**TASK ITEM**
Nothing but a number is needed: the count of lines below that include "shows".

**STUDY MATERIAL**
..........

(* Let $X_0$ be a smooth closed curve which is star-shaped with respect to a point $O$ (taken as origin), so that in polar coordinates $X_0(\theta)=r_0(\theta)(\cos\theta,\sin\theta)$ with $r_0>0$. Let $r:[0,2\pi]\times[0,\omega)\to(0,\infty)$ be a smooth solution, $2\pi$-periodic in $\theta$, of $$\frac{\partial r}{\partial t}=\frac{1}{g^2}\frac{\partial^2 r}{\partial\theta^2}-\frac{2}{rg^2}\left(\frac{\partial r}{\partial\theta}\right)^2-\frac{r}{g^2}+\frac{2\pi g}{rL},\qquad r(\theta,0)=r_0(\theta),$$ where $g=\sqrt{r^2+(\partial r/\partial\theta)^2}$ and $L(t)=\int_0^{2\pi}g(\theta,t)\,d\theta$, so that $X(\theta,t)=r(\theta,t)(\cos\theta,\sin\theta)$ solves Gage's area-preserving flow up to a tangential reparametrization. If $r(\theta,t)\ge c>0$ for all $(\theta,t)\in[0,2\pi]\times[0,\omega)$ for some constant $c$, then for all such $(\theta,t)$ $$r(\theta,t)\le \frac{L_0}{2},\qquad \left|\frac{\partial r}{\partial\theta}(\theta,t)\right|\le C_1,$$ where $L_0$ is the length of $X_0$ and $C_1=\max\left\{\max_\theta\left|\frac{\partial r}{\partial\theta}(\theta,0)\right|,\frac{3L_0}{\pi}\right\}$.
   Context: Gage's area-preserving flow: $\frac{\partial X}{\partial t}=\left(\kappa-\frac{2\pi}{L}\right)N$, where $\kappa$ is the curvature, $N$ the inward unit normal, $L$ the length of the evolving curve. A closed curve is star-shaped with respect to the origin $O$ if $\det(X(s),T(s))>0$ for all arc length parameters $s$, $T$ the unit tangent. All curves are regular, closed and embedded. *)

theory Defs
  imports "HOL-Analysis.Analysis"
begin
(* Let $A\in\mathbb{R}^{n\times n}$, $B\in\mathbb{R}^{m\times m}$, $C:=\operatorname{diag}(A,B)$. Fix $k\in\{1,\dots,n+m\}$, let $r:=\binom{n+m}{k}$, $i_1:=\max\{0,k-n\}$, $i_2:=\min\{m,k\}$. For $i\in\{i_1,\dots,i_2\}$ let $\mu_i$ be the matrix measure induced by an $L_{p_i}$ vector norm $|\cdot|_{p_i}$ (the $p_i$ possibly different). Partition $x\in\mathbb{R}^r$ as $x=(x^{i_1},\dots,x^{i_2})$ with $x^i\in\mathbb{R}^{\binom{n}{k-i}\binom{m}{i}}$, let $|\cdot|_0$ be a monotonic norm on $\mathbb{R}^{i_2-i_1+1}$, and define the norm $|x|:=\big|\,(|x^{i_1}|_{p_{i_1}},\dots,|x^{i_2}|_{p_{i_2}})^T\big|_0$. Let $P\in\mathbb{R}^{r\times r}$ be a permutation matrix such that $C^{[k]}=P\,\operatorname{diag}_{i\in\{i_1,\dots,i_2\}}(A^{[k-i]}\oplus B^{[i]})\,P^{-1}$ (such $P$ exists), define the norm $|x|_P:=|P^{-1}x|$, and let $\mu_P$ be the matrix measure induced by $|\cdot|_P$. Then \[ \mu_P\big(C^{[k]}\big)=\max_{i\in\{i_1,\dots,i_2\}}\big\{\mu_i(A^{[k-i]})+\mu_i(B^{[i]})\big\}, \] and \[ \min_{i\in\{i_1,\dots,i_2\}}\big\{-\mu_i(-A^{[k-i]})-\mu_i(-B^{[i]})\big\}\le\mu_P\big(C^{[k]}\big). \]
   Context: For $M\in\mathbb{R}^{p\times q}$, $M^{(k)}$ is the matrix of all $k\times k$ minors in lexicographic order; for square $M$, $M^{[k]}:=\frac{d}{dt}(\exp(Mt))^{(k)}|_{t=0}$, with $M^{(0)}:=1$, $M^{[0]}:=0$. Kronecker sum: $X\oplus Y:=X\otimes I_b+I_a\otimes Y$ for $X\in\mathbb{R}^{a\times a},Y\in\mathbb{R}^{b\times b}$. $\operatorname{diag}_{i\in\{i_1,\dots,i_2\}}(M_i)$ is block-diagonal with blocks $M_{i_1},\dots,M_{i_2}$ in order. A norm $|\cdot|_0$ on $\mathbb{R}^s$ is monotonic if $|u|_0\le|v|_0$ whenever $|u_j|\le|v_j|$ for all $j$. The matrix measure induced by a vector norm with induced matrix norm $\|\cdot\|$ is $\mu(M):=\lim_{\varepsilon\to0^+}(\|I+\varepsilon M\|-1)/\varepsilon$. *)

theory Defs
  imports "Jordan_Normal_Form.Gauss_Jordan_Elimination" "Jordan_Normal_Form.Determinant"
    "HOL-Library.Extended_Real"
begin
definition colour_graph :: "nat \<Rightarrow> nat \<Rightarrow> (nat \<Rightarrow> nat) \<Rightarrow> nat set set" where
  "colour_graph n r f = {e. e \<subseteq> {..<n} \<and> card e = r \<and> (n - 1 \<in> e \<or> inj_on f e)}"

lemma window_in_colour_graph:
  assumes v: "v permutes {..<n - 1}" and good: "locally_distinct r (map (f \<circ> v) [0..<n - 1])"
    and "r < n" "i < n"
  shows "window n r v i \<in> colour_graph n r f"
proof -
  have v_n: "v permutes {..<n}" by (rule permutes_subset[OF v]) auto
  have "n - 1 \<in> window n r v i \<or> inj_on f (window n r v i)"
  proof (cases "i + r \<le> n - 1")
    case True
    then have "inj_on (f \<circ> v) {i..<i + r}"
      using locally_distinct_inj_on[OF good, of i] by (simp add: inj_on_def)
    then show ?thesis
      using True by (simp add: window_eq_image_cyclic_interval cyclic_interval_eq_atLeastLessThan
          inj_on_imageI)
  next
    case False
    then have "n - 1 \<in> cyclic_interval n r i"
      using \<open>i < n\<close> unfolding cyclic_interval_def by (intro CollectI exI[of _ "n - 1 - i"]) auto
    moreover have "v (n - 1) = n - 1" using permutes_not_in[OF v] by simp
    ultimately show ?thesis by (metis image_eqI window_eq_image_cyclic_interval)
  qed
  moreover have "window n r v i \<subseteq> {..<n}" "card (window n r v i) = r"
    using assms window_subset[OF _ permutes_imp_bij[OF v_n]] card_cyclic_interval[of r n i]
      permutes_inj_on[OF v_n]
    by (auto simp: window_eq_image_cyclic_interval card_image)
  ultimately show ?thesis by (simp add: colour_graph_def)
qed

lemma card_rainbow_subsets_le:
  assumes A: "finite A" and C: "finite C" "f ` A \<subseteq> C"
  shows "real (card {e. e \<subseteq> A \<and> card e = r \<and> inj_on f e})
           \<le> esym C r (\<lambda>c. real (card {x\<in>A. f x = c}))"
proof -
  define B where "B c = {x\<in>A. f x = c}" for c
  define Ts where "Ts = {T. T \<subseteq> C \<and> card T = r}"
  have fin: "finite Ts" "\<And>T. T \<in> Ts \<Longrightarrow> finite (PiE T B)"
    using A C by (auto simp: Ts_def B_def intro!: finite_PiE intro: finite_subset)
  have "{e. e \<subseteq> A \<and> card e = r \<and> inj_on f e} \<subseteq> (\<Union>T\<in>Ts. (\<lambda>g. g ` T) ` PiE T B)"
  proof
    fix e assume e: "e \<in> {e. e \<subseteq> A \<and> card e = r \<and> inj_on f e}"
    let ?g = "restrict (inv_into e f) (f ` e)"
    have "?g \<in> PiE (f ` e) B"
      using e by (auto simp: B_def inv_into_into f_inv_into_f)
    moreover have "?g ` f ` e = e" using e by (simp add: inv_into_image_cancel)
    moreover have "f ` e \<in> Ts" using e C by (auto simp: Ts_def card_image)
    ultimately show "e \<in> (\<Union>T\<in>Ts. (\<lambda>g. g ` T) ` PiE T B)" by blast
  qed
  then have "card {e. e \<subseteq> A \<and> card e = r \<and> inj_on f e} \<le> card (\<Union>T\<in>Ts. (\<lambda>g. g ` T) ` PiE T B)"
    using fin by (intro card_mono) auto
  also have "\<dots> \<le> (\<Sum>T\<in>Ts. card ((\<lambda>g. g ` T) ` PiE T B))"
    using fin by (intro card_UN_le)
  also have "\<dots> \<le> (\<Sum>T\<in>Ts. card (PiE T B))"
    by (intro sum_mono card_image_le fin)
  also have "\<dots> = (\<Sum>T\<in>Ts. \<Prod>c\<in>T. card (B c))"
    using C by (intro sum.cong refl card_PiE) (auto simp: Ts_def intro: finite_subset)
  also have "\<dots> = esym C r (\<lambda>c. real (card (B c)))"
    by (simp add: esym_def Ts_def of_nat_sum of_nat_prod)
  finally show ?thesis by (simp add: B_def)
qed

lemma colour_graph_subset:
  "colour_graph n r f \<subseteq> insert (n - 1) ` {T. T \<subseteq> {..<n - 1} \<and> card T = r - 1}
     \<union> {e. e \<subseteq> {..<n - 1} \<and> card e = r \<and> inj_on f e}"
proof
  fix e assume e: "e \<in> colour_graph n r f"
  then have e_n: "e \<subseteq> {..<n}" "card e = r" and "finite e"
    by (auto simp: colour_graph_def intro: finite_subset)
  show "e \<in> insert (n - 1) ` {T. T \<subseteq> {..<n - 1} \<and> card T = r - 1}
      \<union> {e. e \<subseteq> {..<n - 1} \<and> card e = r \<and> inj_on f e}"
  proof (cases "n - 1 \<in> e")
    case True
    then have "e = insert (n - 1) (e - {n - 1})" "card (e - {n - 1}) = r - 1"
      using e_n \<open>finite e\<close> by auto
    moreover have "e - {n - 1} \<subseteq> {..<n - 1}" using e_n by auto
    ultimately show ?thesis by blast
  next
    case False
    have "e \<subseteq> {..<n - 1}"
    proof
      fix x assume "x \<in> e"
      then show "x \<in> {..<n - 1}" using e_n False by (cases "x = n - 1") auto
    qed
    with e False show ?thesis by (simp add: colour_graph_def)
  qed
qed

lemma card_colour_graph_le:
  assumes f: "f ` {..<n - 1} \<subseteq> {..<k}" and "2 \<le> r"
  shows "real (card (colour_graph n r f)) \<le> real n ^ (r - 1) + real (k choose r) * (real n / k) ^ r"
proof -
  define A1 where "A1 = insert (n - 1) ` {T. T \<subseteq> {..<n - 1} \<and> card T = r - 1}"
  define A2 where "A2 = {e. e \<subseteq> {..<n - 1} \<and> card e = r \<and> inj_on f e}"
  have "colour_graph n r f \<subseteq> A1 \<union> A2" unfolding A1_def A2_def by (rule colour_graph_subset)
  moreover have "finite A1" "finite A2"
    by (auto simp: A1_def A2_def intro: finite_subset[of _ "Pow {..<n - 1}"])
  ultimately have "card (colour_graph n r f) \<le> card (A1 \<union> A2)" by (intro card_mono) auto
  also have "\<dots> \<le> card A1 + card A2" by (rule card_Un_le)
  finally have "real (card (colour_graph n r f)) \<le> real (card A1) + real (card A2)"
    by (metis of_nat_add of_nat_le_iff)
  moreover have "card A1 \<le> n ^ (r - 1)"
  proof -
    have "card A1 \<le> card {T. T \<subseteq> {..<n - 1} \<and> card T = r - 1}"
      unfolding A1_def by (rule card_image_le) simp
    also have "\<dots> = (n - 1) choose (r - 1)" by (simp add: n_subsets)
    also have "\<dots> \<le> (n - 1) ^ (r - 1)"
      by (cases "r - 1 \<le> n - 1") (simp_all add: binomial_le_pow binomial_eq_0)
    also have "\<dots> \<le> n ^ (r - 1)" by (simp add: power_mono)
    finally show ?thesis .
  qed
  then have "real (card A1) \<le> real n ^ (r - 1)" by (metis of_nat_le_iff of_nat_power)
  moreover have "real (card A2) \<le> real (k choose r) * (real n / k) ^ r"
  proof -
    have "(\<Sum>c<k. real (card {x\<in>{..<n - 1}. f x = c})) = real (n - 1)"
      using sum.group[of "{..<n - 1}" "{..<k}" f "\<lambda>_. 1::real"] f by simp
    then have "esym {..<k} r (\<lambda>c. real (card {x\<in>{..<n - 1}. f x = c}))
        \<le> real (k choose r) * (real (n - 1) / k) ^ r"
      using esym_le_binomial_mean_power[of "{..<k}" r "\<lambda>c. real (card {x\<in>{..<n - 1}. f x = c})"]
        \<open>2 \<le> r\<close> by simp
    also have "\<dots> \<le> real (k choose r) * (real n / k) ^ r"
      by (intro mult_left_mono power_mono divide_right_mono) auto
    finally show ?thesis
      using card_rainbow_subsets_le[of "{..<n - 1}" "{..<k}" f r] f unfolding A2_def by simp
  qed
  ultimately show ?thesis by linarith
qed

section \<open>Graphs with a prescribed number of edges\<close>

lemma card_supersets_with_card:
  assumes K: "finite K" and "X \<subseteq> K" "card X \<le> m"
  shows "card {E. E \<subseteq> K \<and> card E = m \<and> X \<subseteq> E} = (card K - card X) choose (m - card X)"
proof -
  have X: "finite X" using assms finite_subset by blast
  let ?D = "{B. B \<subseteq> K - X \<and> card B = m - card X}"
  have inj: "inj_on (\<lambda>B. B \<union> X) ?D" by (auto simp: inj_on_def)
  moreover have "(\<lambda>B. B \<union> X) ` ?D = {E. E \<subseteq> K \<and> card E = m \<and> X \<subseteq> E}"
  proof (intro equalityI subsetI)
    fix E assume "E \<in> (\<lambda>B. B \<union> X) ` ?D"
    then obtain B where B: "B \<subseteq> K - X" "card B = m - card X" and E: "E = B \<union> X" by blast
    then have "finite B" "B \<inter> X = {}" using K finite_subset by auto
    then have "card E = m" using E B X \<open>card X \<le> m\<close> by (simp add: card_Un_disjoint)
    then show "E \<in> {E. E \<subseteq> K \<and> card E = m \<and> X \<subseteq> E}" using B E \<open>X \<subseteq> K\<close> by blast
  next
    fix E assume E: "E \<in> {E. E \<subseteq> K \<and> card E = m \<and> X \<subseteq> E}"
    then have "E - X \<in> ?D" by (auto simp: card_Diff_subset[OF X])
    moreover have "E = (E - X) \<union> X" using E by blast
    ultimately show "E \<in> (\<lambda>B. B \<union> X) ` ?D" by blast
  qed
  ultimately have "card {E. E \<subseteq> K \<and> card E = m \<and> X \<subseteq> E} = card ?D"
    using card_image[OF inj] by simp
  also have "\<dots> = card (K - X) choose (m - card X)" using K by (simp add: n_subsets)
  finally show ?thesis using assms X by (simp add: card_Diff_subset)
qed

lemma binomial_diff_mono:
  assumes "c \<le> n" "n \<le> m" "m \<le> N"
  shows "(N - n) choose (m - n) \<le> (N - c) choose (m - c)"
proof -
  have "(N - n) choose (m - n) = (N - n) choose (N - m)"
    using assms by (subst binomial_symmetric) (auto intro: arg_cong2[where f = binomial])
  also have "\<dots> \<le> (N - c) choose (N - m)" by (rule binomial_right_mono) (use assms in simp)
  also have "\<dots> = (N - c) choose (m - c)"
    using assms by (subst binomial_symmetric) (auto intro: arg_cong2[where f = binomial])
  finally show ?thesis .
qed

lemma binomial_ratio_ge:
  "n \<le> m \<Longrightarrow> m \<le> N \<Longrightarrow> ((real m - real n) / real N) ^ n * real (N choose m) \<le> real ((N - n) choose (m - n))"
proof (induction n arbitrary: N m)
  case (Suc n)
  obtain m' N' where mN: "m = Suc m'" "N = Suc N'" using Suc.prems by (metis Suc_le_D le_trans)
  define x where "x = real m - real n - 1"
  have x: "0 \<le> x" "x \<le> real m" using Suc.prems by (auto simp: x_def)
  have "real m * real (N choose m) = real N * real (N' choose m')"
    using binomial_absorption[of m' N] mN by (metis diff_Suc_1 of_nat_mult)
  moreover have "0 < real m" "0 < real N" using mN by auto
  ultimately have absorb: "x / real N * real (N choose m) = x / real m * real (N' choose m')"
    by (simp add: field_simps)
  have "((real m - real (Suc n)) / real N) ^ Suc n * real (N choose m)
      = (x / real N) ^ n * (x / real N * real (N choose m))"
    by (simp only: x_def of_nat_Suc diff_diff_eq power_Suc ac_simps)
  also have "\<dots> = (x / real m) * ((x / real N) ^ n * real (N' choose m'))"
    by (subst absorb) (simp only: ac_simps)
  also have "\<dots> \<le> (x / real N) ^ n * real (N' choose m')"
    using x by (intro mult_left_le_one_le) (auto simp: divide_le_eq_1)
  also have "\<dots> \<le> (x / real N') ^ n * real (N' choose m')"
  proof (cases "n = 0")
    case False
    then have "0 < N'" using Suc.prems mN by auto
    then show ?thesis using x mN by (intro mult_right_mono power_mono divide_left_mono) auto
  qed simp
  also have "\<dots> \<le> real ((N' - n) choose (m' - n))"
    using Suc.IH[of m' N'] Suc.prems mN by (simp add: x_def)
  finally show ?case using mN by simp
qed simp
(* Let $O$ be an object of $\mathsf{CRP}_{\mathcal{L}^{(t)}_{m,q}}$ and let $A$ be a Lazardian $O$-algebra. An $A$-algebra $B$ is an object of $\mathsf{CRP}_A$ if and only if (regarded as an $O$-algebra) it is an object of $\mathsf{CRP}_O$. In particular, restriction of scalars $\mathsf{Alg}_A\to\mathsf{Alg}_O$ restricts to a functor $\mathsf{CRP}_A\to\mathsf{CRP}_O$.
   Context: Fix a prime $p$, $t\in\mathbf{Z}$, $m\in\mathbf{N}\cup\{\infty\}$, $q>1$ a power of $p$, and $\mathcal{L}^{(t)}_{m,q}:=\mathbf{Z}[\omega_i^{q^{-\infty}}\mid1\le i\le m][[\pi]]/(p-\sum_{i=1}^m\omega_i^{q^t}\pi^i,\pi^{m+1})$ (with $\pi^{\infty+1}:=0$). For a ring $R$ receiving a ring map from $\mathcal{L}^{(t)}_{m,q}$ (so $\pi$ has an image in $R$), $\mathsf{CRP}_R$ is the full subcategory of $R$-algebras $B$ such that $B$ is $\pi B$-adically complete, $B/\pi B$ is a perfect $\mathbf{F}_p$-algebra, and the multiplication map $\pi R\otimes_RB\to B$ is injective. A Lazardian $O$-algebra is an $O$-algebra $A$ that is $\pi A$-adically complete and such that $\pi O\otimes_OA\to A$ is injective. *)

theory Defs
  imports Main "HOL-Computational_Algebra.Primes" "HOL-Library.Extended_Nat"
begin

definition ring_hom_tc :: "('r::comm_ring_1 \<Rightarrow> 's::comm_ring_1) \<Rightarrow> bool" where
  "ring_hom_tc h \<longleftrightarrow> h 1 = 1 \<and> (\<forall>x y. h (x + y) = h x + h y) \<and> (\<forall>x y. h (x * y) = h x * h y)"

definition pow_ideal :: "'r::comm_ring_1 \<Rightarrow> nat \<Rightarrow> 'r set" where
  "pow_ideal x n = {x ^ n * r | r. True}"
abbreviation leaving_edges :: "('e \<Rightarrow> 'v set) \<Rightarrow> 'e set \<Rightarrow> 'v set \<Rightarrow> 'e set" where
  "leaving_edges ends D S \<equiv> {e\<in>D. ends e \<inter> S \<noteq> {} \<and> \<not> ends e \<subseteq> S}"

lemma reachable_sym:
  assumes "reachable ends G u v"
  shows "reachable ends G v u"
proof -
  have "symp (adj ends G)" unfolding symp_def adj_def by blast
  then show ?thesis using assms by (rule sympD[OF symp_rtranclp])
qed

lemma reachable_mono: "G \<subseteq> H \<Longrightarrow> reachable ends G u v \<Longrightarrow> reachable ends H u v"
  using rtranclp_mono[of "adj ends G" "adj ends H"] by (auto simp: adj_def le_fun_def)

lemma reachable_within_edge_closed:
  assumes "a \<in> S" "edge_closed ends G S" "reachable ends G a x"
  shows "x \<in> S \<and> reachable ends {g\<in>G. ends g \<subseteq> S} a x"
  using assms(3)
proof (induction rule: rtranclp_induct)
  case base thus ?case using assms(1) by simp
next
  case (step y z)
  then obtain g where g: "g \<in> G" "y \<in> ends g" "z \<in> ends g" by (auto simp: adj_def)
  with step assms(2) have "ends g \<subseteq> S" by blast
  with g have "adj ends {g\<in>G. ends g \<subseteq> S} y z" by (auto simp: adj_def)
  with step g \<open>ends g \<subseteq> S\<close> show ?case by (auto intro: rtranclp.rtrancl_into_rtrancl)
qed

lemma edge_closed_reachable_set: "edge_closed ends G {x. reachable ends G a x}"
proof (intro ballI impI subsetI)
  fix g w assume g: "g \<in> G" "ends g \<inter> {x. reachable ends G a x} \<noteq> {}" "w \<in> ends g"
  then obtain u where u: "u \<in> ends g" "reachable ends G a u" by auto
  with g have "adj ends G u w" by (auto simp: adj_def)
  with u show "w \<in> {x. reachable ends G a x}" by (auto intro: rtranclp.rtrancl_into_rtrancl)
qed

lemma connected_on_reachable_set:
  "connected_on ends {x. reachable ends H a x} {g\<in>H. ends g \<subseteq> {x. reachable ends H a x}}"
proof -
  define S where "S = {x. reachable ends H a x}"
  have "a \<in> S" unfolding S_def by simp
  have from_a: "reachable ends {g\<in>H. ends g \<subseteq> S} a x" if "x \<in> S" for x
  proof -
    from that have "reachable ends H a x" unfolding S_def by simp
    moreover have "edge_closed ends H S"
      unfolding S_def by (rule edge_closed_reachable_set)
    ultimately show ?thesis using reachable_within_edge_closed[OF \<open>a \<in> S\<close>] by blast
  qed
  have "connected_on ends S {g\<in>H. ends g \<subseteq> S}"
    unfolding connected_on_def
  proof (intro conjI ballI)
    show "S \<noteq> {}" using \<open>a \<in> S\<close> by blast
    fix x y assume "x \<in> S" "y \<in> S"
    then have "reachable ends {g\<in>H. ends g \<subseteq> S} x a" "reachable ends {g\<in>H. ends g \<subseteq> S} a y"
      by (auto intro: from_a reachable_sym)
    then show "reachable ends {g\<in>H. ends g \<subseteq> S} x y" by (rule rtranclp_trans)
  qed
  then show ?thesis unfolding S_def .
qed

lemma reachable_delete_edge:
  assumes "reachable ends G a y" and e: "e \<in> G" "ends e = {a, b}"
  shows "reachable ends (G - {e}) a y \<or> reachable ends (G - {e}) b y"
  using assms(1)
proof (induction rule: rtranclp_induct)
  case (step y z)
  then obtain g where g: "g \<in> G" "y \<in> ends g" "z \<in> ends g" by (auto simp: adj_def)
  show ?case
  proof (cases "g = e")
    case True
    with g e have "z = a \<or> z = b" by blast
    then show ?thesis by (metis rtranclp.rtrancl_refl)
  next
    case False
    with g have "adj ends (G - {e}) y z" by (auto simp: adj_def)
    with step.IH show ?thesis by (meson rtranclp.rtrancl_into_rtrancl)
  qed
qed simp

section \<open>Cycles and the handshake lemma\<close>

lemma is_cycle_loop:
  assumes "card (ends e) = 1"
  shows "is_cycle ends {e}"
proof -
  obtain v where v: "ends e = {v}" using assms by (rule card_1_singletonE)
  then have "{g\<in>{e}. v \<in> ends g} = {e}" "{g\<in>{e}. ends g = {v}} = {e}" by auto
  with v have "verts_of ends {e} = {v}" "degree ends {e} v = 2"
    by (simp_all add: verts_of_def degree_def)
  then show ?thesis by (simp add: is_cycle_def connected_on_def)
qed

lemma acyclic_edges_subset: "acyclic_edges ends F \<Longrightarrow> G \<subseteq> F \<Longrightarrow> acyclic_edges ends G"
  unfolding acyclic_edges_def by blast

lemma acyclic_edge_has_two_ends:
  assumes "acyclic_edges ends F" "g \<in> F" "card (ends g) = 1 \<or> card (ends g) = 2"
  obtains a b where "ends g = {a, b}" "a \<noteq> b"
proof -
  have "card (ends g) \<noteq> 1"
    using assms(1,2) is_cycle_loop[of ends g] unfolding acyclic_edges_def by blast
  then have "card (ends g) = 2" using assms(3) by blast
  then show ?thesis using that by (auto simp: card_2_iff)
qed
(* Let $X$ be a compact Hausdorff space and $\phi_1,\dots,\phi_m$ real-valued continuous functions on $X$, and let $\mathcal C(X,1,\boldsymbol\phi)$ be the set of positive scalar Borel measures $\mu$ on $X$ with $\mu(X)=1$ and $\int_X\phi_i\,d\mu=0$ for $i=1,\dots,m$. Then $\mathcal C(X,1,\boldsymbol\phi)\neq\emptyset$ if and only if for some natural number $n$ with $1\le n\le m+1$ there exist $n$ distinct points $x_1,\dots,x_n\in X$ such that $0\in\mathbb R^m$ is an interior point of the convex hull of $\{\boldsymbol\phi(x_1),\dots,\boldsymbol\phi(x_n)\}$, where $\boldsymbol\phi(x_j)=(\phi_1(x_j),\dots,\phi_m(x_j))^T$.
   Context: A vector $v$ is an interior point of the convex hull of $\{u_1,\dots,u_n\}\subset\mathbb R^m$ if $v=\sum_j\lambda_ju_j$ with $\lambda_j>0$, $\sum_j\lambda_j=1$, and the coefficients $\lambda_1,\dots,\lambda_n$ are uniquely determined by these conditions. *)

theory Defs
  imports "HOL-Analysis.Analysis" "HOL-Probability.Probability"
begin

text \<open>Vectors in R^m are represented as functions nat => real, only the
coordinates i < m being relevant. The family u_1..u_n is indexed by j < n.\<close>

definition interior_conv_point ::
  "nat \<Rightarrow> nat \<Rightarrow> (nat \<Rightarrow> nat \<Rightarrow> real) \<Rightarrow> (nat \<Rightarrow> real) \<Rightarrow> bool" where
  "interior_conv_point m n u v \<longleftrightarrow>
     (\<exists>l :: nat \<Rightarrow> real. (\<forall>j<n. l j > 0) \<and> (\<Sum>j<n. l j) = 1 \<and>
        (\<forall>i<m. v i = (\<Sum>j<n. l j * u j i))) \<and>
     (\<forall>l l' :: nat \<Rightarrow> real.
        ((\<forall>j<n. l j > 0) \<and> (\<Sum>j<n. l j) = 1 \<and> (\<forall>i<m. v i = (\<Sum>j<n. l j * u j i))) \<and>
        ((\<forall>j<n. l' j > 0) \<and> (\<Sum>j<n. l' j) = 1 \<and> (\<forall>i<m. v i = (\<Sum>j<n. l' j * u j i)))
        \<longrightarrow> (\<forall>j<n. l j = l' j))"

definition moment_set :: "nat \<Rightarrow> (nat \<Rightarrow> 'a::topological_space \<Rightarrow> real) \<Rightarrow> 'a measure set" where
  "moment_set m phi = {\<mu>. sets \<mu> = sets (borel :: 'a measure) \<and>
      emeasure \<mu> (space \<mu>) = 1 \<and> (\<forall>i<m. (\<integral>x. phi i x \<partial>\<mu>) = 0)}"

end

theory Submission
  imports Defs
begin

..........

**WRITTEN SOLUTION**
9